While one-third of the respondents said they would not accept a job at a site where swearing was strictly banned.
“I believe we have experienced a coursening of culture over the last several decades. Standards for politeness and socially acceptable behavior have gradually and continuously been sliding downward. We see this all around us, and it has been especially evident in the presidential campaign this year,” said Donna Dolphin, an associate professor of communications.
She added that the high media content that today’s youth engages in may have a profound effect.

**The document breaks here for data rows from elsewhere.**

lemma sigmoid_has_real_derivative:
  "(sigmoid has_real_derivative exp (- u) / (1 + exp (- u))\<^sup>2) (at u)"
proof -
  have "((\<lambda>u. 1 + exp (- u)) has_real_derivative - exp (- u)) (at u)"
    by (rule derivative_eq_intros refl | simp)+
  moreover have "1 + exp (- u) \<noteq> 0"
    using exp_gt_zero[of "- u"] by linarith
  ultimately show ?thesis
    unfolding sigmoid_def
    using DERIV_inverse_fun by (fastforce simp: inverse_eq_divide power2_eq_square)
qed

lemma sigmoid_derivative_le_1: "exp (- (u::real)) / (1 + exp (- u))\<^sup>2 \<le> 1"
proof -
  have "exp (- u) \<le> (1 + exp (- u))\<^sup>2"
    using zero_le_power2[of "exp (- u)"] by (simp add: power2_eq_square algebra_simps)
  moreover have "0 < (1 + exp (- u))\<^sup>2"
    by (intro zero_less_power add_pos_pos) auto
  ultimately show ?thesis by (simp add: pos_divide_le_eq)
qed

lemma sigmoid_lipschitz: "\<bar>sigmoid u - sigmoid v\<bar> \<le> \<bar>u - v\<bar>"
proof -
  have "\<bar>sigmoid u - sigmoid v\<bar> \<le> u - v" if "v < u" for u v
  proof -
    obtain z where z: "sigmoid u - sigmoid v = (u - v) * (exp (- z) / (1 + exp (- z))\<^sup>2)"
      using MVT2[OF \<open>v < u\<close>, of sigmoid "\<lambda>z. exp (- z) / (1 + exp (- z))\<^sup>2"]
        sigmoid_has_real_derivative by blast
    define d where "d = exp (- z) / (1 + exp (- z))\<^sup>2"
    have "0 \<le> d" "d \<le> 1"
      unfolding d_def using sigmoid_derivative_le_1[of z] by auto
    with z that show ?thesis
      unfolding d_def[symmetric] by (simp add: abs_mult mult_left_le)
  qed
  from this[of u v] this[of v u] show ?thesis
    by (cases u v rule: linorder_cases) (auto simp: abs_minus_commute)
qed

section \<open>The network as a function of its parameters\<close>

definition preactivation :: "nat \<Rightarrow> nat \<Rightarrow> (nat \<Rightarrow> real) \<Rightarrow> (nat \<Rightarrow> real) \<Rightarrow> nat \<Rightarrow> real" where
  "preactivation p k \<theta> x j = \<theta> (gidx p k j 0) + (\<Sum>h = 1..p. \<theta> (gidx p k j h) * x h)"

lemma nnet_eq_preactivation:
  "nnet p k \<theta> x = \<theta> 0 + (\<Sum>j = 1..k. \<theta> j * sigmoid (preactivation p k \<theta> x j))"
  unfolding nnet_def preactivation_def ..

lemma gidx_less_nparams:
  assumes "1 \<le> j" "j \<le> k" "h \<le> p"
  shows "gidx p k j h < nparams p k"
proof -
  have "(j - 1) * (p + 1) \<le> (k - 1) * (p + 1)"
    using assms by (intro mult_le_mono1) auto
  moreover have "(k - 1) * (p + 1) + p + 1 + k = k * (p + 2)"
    using assms by (cases k) (auto simp: algebra_simps)
  ultimately show ?thesis
    using assms unfolding gidx_def nparams_def by linarith
qed

lemma less_nparams_if_le: "j \<le> k \<Longrightarrow> j < nparams p k"
  unfolding nparams_def by (cases k) auto

lemma nnet_measurable: "nnet p k \<theta> \<in> borel_measurable (input_space p)"
  unfolding nnet_def input_space_def sigmoid_def
  by (intro borel_measurable_add borel_measurable_sum borel_measurable_times borel_measurable_divide
      borel_measurable_exp borel_measurable_uminus measurable_component_singleton
      borel_measurable_const) auto

lemma abs_nnet_le: "\<bar>nnet p k \<theta> x\<bar> \<le> \<bar>\<theta> 0\<bar> + (\<Sum>j = 1..k. \<bar>\<theta> j\<bar>)"
proof -
  have "\<bar>\<theta> j * sigmoid (preactivation p k \<theta> x j)\<bar> \<le> \<bar>\<theta> j\<bar>" for j
    unfolding abs_mult using abs_sigmoid_le_1 mult_left_le abs_ge_zero by blast
  then have "\<bar>\<Sum>j = 1..k. \<theta> j * sigmoid (preactivation p k \<theta> x j)\<bar> \<le> (\<Sum>j = 1..k. \<bar>\<theta> j\<bar>)"
    by (intro order.trans[OF sum_abs sum_mono])
  then show ?thesis
    unfolding nnet_eq_preactivation by (rule order.trans[OF abs_triangle_ineq add_left_mono])
qed

lemma abs_preactivation_diff_le:
  assumes x: "x \<in> unit_cube p" and \<theta>: "\<forall>i < nparams p k. \<bar>\<theta> i - \<theta>0 i\<bar> \<le> w"
    and j: "1 \<le> j" "j \<le> k"
  shows "\<bar>preactivation p k \<theta> x j - preactivation p k \<theta>0 x j\<bar> \<le> (1 + p) * w"
proof -
  let ?d = "\<lambda>h. \<theta> (gidx p k j h) - \<theta>0 (gidx p k j h)"
  have d: "\<bar>?d h\<bar> \<le> w" if "h \<le> p" for h
    using \<theta> gidx_less_nparams[OF j that] by blast
  have "\<bar>?d h * x h\<bar> \<le> w" if "h \<in> {1..p}" for h
  proof -
    have "\<bar>x h\<bar> \<le> 1" using x that by (auto simp: unit_cube_def PiE_iff)
    then show ?thesis
      unfolding abs_mult using d[of h] that mult_mono[of "\<bar>?d h\<bar>" w "\<bar>x h\<bar>" 1] by simp
  qed
  then have "\<bar>\<Sum>h = 1..p. ?d h * x h\<bar> \<le> (\<Sum>h = 1..p. w)"
    by (intro order.trans[OF sum_abs sum_mono])
  moreover have "preactivation p k \<theta> x j - preactivation p k \<theta>0 x j = ?d 0 + (\<Sum>h = 1..p. ?d h * x h)"
    unfolding preactivation_def by (simp add: algebra_simps sum_subtractf)
  ultimately show ?thesis
    using d[of 0] abs_triangle_ineq[of "?d 0" "\<Sum>h = 1..p. ?d h * x h"] by (simp add: algebra_simps)
qed
lemma sum_power_UNIV:
  assumes "m > 0"
  shows "(\<Sum>t\<in>UNIV. (t::'a) ^ m) = (if (CARD('a) - 1) dvd m then -1 else 0)"
proof (cases "(CARD('a) - 1) dvd m")
  case True
  then obtain l where l: "m = (CARD('a) - 1) * l" by blast
  have "(\<Sum>t\<in>UNIV. (t::'a) ^ m) = 0 ^ m + (\<Sum>t\<in>UNIV-{0}. t ^ m)"
    by (subst sum.remove[of _ 0]) auto
  also have "(\<Sum>t\<in>UNIV-{0}. (t::'a) ^ m) = (\<Sum>t\<in>UNIV-{0::'a}. 1)"
  proof (rule sum.cong[OF refl])
    fix t :: 'a assume "t \<in> UNIV - {0}"
    then have "t ^ (CARD('a) - 1) = 1" by (intro finite_field_power_card_minus_one) simp
    then show "t ^ m = 1" by (simp only: l power_mult) simp
  qed
  also have "\<dots> = of_nat CARD('a) - 1"
    using card_eq_4f_plus_1 by (simp add: card_Diff_singleton of_nat_diff)
  finally show ?thesis using True assms by (simp add: of_nat_CARD_finite_field)
next
  case False
  have "g ^ m = g ^ ((CARD('a) - 1) * (m div (CARD('a) - 1)) + m mod (CARD('a) - 1))" by simp
  also have "\<dots> = g ^ (m mod (CARD('a) - 1))"
    by (simp only: power_add power_mult finite_field_power_card_minus_one[OF g_nonzero]) simp
  finally have "g ^ m = g ^ (m mod (CARD('a) - 1))" .
  moreover have "m mod (CARD('a) - 1) \<noteq> 0" using False by (simp add: mod_eq_0_iff_dvd)
  moreover have "m mod (CARD('a) - 1) < CARD('a) - 1" using card_eq_4f_plus_1 f_pos by simp
  ultimately have "g ^ m \<noteq> 1" using g_power_ne_1[of "m mod (CARD('a) - 1)"] by simp
  have "(\<Sum>t\<in>UNIV. (t::'a) ^ m) = (\<Sum>t\<in>UNIV. (g * t) ^ m)"
    by (rule sum_UNIV_scale[OF g_nonzero, symmetric])
  also have "\<dots> = g ^ m * (\<Sum>t\<in>UNIV. t ^ m)" by (simp add: power_mult_distrib sum_distrib_left)
  finally have "(1 - g ^ m) * (\<Sum>t\<in>UNIV. (t::'a) ^ m) = 0" by (simp add: algebra_simps)
  then show ?thesis using False \<open>g ^ m \<noteq> 1\<close> by simp
qed
definition weights_W5 :: "'w measure \<Rightarrow> (nat \<Rightarrow> nat \<Rightarrow> 'w \<Rightarrow> real) \<Rightarrow> bool" where
  "weights_W5 PW W \<longleftrightarrow> (\<exists>c>0. \<forall>e>0.
     (\<lambda>n. measure PW {w\<in>space PW. \<bar>(1 / real n) * (\<Sum>i<n. (W n i w - 1)\<^sup>2) - c\<^sup>2\<bar> > e})
       \<longlonglongrightarrow> 0)"

end

theory Submission
  imports Defs
begin

text \<open>Consistency of an argmax estimator only needs two facts: the limit criterion
  \<open>\<alpha> \<mapsto> P\<^sub>\<theta>\<^sub>0 h(\<theta>,\<alpha>)\<close> has a well-separated maximum at \<open>\<theta>\<^sub>0\<close> (A.1), and the bootstrap criterion
  is uniformly close to it (A.2). If the gap of the maximum outside the \<open>\<epsilon>\<close>-ball is \<open>d\<close>, then on
  the event that the uniform deviation is at most \<open>d/2\<close> the maximiser lies in the ball. The
  statement conditional on the data follows by a Markov inequality for outer probabilities on
  the product space \<open>P\<^sub>X \<times> P\<^sub>W\<close>.\<close>

lemma outer_prob_le:
  assumes "B \<in> sets M" "A \<inter> space M \<subseteq> B"
  shows "outer_prob M A \<le> measure M B"
  unfolding outer_prob_def
  by (rule cInf_lower) (use assms in \<open>auto intro: bdd_belowI[where m=0]\<close>)

lemma outer_prob_ge:
  assumes "\<And>B. B \<in> sets M \<Longrightarrow> A \<inter> space M \<subseteq> B \<Longrightarrow> c \<le> measure M B"
  shows "c \<le> outer_prob M A"
  unfolding outer_prob_def
  by (rule cInf_greatest) (auto intro: assms)

lemma outer_prob_nonneg: "0 \<le> outer_prob M A"
  by (rule outer_prob_ge) simp

lemma outer_prob_mono:
  assumes "A \<subseteq> A'"
  shows "outer_prob M A \<le> outer_prob M A'"
  by (rule outer_prob_ge, rule outer_prob_le) (use assms in auto)

text \<open>Any measurable cover \<open>C\<close> of \<open>A\<close> has measurable sections covering the sections of \<open>A\<close>,
  so Markov's inequality for \<open>x \<mapsto> N(C\<^sub>x)\<close> and Tonelli give the bound.\<close>

lemma outer_prob_pair_markov:
  assumes M: "prob_space M" and N: "prob_space N"
    and A: "A \<subseteq> space (M \<Otimes>\<^sub>M N)" and eta: "\<eta> > 0"
  shows "outer_prob M {x\<in>space M. \<eta> < outer_prob N {w\<in>space N. (x,w)\<in>A}} * \<eta>
         \<le> outer_prob (M \<Otimes>\<^sub>M N) A"
proof -
  interpret M: prob_space M by (rule M)
  interpret N: prob_space N by (rule N)
  interpret MN: pair_prob_space M N by unfold_locales
  let ?S = "{x\<in>space M. \<eta> < outer_prob N {w\<in>space N. (x,w)\<in>A}}"
  show ?thesis
  proof (rule outer_prob_ge)
    fix C assume C: "C \<in> sets (M \<Otimes>\<^sub>M N)" "A \<inter> space (M \<Otimes>\<^sub>M N) \<subseteq> C"
    define D where "D = {x\<in>space M. ennreal \<eta> < emeasure N (Pair x -` C)}"
    have "(\<lambda>x. emeasure N (Pair x -` C)) \<in> borel_measurable M"
      by (rule N.measurable_emeasure_Pair[OF C(1)])
    then have D_sets: "D \<in> sets M" unfolding D_def by measurable
    have S_sub_D: "?S \<subseteq> D"
    proof
      fix x assume x: "x \<in> ?S"
      have Cx: "Pair x -` C \<in> sets N" using C(1) x by (auto intro: sets_Pair1)
      have "{w\<in>space N. (x,w)\<in>A} \<inter> space N \<subseteq> Pair x -` C" using C(2) A x by auto
      then have "outer_prob N {w\<in>space N. (x,w)\<in>A} \<le> measure N (Pair x -` C)"
        by (rule outer_prob_le[OF Cx])
      with x have "\<eta> < measure N (Pair x -` C)" by auto
      then show "x \<in> D"
        using x eta by (simp add: D_def N.emeasure_eq_measure ennreal_less_iff)
    qed
    have "ennreal \<eta> * emeasure M D = (\<integral>\<^sup>+ x. ennreal \<eta> * indicator D x \<partial>M)"
      using D_sets by (simp add: nn_integral_cmult_indicator)
    also have "\<dots> \<le> (\<integral>\<^sup>+ x. emeasure N (Pair x -` C) \<partial>M)"
      by (intro nn_integral_mono) (auto simp: D_def indicator_def less_imp_le)
    also have "\<dots> = emeasure (M \<Otimes>\<^sub>M N) C"
      by (rule N.emeasure_pair_measure_alt[OF C(1), symmetric])
    finally have "\<eta> * measure M D \<le> measure (M \<Otimes>\<^sub>M N) C"
      using eta by (simp add: M.emeasure_eq_measure MN.emeasure_eq_measure ennreal_mult
          flip: ennreal_le_iff)
    moreover have "outer_prob M ?S \<le> measure M D"
      using S_sub_D by (intro outer_prob_le[OF D_sets]) auto
    ultimately show "outer_prob M ?S * \<eta> \<le> measure (M \<Otimes>\<^sub>M N) C"
      using eta by (smt (verit) mult_right_mono mult.commute)
  qed
qed

lemma outer_prob_sections_tendsto_zero:
  assumes M: "prob_space M" and N: "prob_space N" and eta: "\<eta> > 0"
    and B_sub: "\<And>n. B n \<subseteq> space (M \<Otimes>\<^sub>M N)"
    and B_lim: "(\<lambda>n. outer_prob (M \<Otimes>\<^sub>M N) (B n)) \<longlonglongrightarrow> 0"
    and E_in_B: "eventually (\<lambda>n. \<forall>x\<in>space M. \<forall>w\<in>space N. E n x w \<longrightarrow> (x, w) \<in> B n) sequentially"
  shows "(\<lambda>n. outer_prob M {x\<in>space M. \<eta> < outer_prob N {w\<in>space N. E n x w}}) \<longlonglongrightarrow> 0"
proof (rule tendsto_sandwich[OF _ _ tendsto_const])
  show "\<forall>\<^sub>F n in sequentially. 0 \<le> outer_prob M {x\<in>space M. \<eta> < outer_prob N {w\<in>space N. E n x w}}"
    by (simp add: outer_prob_nonneg)
  show "(\<lambda>n. outer_prob (M \<Otimes>\<^sub>M N) (B n) / \<eta>) \<longlonglongrightarrow> 0"
    using tendsto_divide_zero[OF B_lim] by simp
  show "\<forall>\<^sub>F n in sequentially.
          outer_prob M {x\<in>space M. \<eta> < outer_prob N {w\<in>space N. E n x w}}
          \<le> outer_prob (M \<Otimes>\<^sub>M N) (B n) / \<eta>"
    using E_in_B
  proof eventually_elim
    case (elim n)
    have "outer_prob M {x\<in>space M. \<eta> < outer_prob N {w\<in>space N. E n x w}}
          \<le> outer_prob M {x\<in>space M. \<eta> < outer_prob N {w\<in>space N. (x, w) \<in> B n}}"
    proof (rule outer_prob_mono, safe)
      fix x assume x: "x \<in> space M" and "\<eta> < outer_prob N {w\<in>space N. E n x w}"
      moreover have "outer_prob N {w\<in>space N. E n x w} \<le> outer_prob N {w\<in>space N. (x, w) \<in> B n}"
        using elim x by (intro outer_prob_mono) auto
      ultimately show "\<eta> < outer_prob N {w\<in>space N. (x, w) \<in> B n}" by simp
    qed
    also have "\<dots> \<le> outer_prob (M \<Otimes>\<^sub>M N) (B n) / \<eta>"
      using outer_prob_pair_markov[OF M N B_sub eta] eta by (simp add: pos_le_divide_eq)
    finally show ?case .
  qed
qed

lemma well_separated_maximum_gap:
  fixes \<Theta> :: "'a::metric_space set" and M :: "'a \<Rightarrow> real"
  assumes sep: "(SUP \<alpha>\<in>\<Theta> - ball \<theta>0 \<epsilon>. ereal (M \<alpha>)) < ereal (M \<theta>0)"
  obtains d where "d > 0" "\<And>\<alpha>. \<alpha> \<in> \<Theta> \<Longrightarrow> \<epsilon> < dist \<theta>0 \<alpha> \<Longrightarrow> M \<alpha> + d < M \<theta>0"
proof -
  obtain c where c_sup: "(SUP \<alpha>\<in>\<Theta> - ball \<theta>0 \<epsilon>. ereal (M \<alpha>)) < ereal c" and c: "c < M \<theta>0"
    using ereal_dense2[OF sep] by fastforce
  have "M \<alpha> < c" if "\<alpha> \<in> \<Theta>" "\<epsilon> < dist \<theta>0 \<alpha>" for \<alpha>
  proof -
    from that have "ereal (M \<alpha>) \<le> (SUP \<alpha>\<in>\<Theta> - ball \<theta>0 \<epsilon>. ereal (M \<alpha>))"
      by (intro SUP_upper) auto
    then have "ereal (M \<alpha>) < ereal c" using c_sup by (rule le_less_trans)
    then show ?thesis by simp
  qed
  with c show ?thesis by (intro that[of "M \<theta>0 - c"]) auto
qed

lemma argmax_within_separation_radius:
  fixes M Mn :: "'a::metric_space \<Rightarrow> real"
  assumes gap: "\<And>\<alpha>. \<alpha> \<in> \<Theta> \<Longrightarrow> \<epsilon> < dist \<theta>0 \<alpha> \<Longrightarrow> M \<alpha> + d < M \<theta>0"
    and dev: "\<And>\<alpha>. \<alpha> \<in> \<Theta> \<Longrightarrow> \<bar>Mn \<alpha> - M \<alpha>\<bar> \<le> d / 2"
    and "\<theta>0 \<in> \<Theta>" "a \<in> \<Theta>" "Mn \<theta>0 \<le> Mn a"
  shows "dist \<theta>0 a \<le> \<epsilon>"
proof (rule ccontr)
  assume "\<not> dist \<theta>0 a \<le> \<epsilon>"
  with gap \<open>a \<in> \<Theta>\<close> have "M a + d < M \<theta>0" by simp
  with dev[OF \<open>a \<in> \<Theta>\<close>] dev[OF \<open>\<theta>0 \<in> \<Theta>\<close>] \<open>Mn \<theta>0 \<le> Mn a\<close> show False
    unfolding abs_le_iff by linarith
qed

“It’s very easy to observe what I’m talking about if we look at media content over the course of time. Something that was considered shocking 15 years ago is considered tame by current standards. Acceptable language in broadcast content today would have been fined 20 years ago. The FCC defines profanity, in part, in accordance with the standards of the local community. So I see evidence that our standards are changing,” she said.
Health care is the professional industry with the most potty-mouths, as 64 percent of health care employees say they swear at work. Finance has the second most, with 62 percent, followed by professional services and technology. Further, those in the classroom admit to cursing frequently too, as 24 percent of educators say they swear frequently at work. Additionally, it was found that 94 percent of those foul-mouthed workers swear more often in face-to-face conversation, than online.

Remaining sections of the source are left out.